Data for review section start

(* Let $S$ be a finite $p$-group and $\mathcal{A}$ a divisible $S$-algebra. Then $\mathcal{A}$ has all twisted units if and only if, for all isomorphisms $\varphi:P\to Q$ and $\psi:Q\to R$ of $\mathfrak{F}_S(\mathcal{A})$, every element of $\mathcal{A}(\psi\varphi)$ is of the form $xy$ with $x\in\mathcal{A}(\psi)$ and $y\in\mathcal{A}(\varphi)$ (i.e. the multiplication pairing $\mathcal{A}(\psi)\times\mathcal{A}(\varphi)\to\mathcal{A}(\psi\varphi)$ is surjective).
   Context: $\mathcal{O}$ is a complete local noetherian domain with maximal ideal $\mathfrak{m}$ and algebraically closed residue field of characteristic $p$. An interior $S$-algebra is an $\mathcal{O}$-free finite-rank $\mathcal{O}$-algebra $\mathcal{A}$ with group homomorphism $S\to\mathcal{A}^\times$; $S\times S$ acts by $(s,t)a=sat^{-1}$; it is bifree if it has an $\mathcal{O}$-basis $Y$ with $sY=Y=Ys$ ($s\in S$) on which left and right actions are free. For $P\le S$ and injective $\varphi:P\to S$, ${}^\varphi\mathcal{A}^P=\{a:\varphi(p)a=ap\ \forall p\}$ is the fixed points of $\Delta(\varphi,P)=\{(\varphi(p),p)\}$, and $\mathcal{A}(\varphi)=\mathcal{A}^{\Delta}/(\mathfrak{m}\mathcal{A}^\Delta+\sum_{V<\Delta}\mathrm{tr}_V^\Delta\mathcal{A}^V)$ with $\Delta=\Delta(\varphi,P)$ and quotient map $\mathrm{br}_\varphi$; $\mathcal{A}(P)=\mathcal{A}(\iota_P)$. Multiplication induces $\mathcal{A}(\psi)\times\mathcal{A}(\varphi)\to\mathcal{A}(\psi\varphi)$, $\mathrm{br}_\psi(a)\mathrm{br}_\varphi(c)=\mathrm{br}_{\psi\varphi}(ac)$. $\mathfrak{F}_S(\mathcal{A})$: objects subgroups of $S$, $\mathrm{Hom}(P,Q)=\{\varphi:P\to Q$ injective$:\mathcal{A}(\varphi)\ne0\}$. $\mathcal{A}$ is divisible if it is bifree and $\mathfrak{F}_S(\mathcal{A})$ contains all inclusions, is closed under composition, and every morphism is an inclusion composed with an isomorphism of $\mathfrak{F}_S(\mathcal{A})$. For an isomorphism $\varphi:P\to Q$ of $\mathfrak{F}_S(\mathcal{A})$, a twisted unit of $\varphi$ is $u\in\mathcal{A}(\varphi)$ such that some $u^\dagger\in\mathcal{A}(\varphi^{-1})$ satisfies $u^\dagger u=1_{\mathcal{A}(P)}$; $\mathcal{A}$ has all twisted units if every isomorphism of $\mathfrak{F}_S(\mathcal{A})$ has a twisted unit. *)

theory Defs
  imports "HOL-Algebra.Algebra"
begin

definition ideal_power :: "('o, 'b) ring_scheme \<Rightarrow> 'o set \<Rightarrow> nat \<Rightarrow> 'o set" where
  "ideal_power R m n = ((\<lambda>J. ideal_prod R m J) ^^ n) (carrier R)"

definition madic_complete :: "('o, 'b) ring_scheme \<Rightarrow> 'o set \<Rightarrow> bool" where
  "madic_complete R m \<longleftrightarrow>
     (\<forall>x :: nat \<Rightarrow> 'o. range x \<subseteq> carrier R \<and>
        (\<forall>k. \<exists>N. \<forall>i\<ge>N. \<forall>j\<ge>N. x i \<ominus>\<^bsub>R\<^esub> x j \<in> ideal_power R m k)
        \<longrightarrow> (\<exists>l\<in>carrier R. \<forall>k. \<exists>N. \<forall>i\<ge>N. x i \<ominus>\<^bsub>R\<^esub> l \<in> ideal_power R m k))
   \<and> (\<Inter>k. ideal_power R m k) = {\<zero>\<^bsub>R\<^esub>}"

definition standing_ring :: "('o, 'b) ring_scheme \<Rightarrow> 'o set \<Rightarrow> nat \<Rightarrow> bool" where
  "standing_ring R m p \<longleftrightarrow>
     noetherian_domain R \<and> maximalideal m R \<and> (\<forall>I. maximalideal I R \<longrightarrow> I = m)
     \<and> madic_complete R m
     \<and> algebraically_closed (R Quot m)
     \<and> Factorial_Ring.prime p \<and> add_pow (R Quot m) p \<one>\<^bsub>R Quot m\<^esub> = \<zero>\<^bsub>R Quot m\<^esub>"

Data for review section end
Data for review section start

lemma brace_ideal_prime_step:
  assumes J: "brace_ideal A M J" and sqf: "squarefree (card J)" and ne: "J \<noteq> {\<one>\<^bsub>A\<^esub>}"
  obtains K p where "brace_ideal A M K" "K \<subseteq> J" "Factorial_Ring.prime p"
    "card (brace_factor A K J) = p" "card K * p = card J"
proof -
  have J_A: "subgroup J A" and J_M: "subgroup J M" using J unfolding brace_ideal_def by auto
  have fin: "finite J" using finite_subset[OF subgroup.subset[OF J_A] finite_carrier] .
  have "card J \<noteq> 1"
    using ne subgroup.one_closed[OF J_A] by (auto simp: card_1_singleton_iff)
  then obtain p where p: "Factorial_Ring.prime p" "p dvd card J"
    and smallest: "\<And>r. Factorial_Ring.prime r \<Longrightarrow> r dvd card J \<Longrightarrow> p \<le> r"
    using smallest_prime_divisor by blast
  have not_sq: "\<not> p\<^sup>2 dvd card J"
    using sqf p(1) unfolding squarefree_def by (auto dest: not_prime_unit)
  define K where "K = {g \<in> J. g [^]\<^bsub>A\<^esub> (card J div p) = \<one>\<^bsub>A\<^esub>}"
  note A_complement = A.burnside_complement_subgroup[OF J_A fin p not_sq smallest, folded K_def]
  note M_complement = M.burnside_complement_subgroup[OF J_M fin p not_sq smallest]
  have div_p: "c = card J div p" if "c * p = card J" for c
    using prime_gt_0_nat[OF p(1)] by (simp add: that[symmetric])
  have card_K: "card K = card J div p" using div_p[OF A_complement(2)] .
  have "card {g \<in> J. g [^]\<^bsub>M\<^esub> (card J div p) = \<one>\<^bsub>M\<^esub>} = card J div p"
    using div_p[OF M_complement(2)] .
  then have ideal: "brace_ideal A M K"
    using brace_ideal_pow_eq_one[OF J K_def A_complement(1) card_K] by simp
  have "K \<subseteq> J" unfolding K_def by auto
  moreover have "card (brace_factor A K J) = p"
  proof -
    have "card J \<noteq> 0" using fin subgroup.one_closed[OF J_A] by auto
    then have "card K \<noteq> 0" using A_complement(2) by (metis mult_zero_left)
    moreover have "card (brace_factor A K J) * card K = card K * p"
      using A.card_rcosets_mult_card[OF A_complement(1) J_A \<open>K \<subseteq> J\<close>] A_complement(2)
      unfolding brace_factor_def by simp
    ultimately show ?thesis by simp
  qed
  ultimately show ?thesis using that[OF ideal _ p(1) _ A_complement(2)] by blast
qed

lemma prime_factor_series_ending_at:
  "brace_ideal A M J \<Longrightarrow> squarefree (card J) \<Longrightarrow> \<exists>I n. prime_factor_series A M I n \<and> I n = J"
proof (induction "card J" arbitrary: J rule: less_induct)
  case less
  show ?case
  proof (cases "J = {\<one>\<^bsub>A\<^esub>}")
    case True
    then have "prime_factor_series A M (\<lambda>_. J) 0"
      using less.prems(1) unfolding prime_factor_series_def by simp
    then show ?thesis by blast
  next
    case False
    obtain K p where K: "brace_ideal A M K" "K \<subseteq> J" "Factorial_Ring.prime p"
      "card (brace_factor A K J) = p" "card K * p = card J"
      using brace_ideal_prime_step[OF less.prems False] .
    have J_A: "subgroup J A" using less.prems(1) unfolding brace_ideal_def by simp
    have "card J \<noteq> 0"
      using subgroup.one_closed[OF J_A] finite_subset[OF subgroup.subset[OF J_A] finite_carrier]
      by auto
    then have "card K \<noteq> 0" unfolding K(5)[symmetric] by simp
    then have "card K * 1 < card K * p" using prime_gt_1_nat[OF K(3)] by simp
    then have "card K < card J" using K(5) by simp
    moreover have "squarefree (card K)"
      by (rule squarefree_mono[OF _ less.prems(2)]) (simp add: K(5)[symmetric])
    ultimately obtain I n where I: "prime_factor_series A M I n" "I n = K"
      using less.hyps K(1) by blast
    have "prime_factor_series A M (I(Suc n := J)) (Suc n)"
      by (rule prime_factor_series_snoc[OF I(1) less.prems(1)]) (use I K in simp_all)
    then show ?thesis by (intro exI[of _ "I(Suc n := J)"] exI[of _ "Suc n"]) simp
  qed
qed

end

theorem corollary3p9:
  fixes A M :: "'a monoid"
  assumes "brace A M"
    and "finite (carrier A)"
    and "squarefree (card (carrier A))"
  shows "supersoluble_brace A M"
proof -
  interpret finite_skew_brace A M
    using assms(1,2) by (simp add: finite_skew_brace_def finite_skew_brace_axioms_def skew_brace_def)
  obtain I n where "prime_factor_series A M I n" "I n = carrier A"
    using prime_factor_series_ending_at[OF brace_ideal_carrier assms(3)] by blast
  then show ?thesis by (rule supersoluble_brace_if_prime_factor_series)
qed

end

Data for review section end

§ **Exercise details**: Among the entries above, how many lines have the string "lemma" in them? Only the number should be given.

§ **Answer section**: 2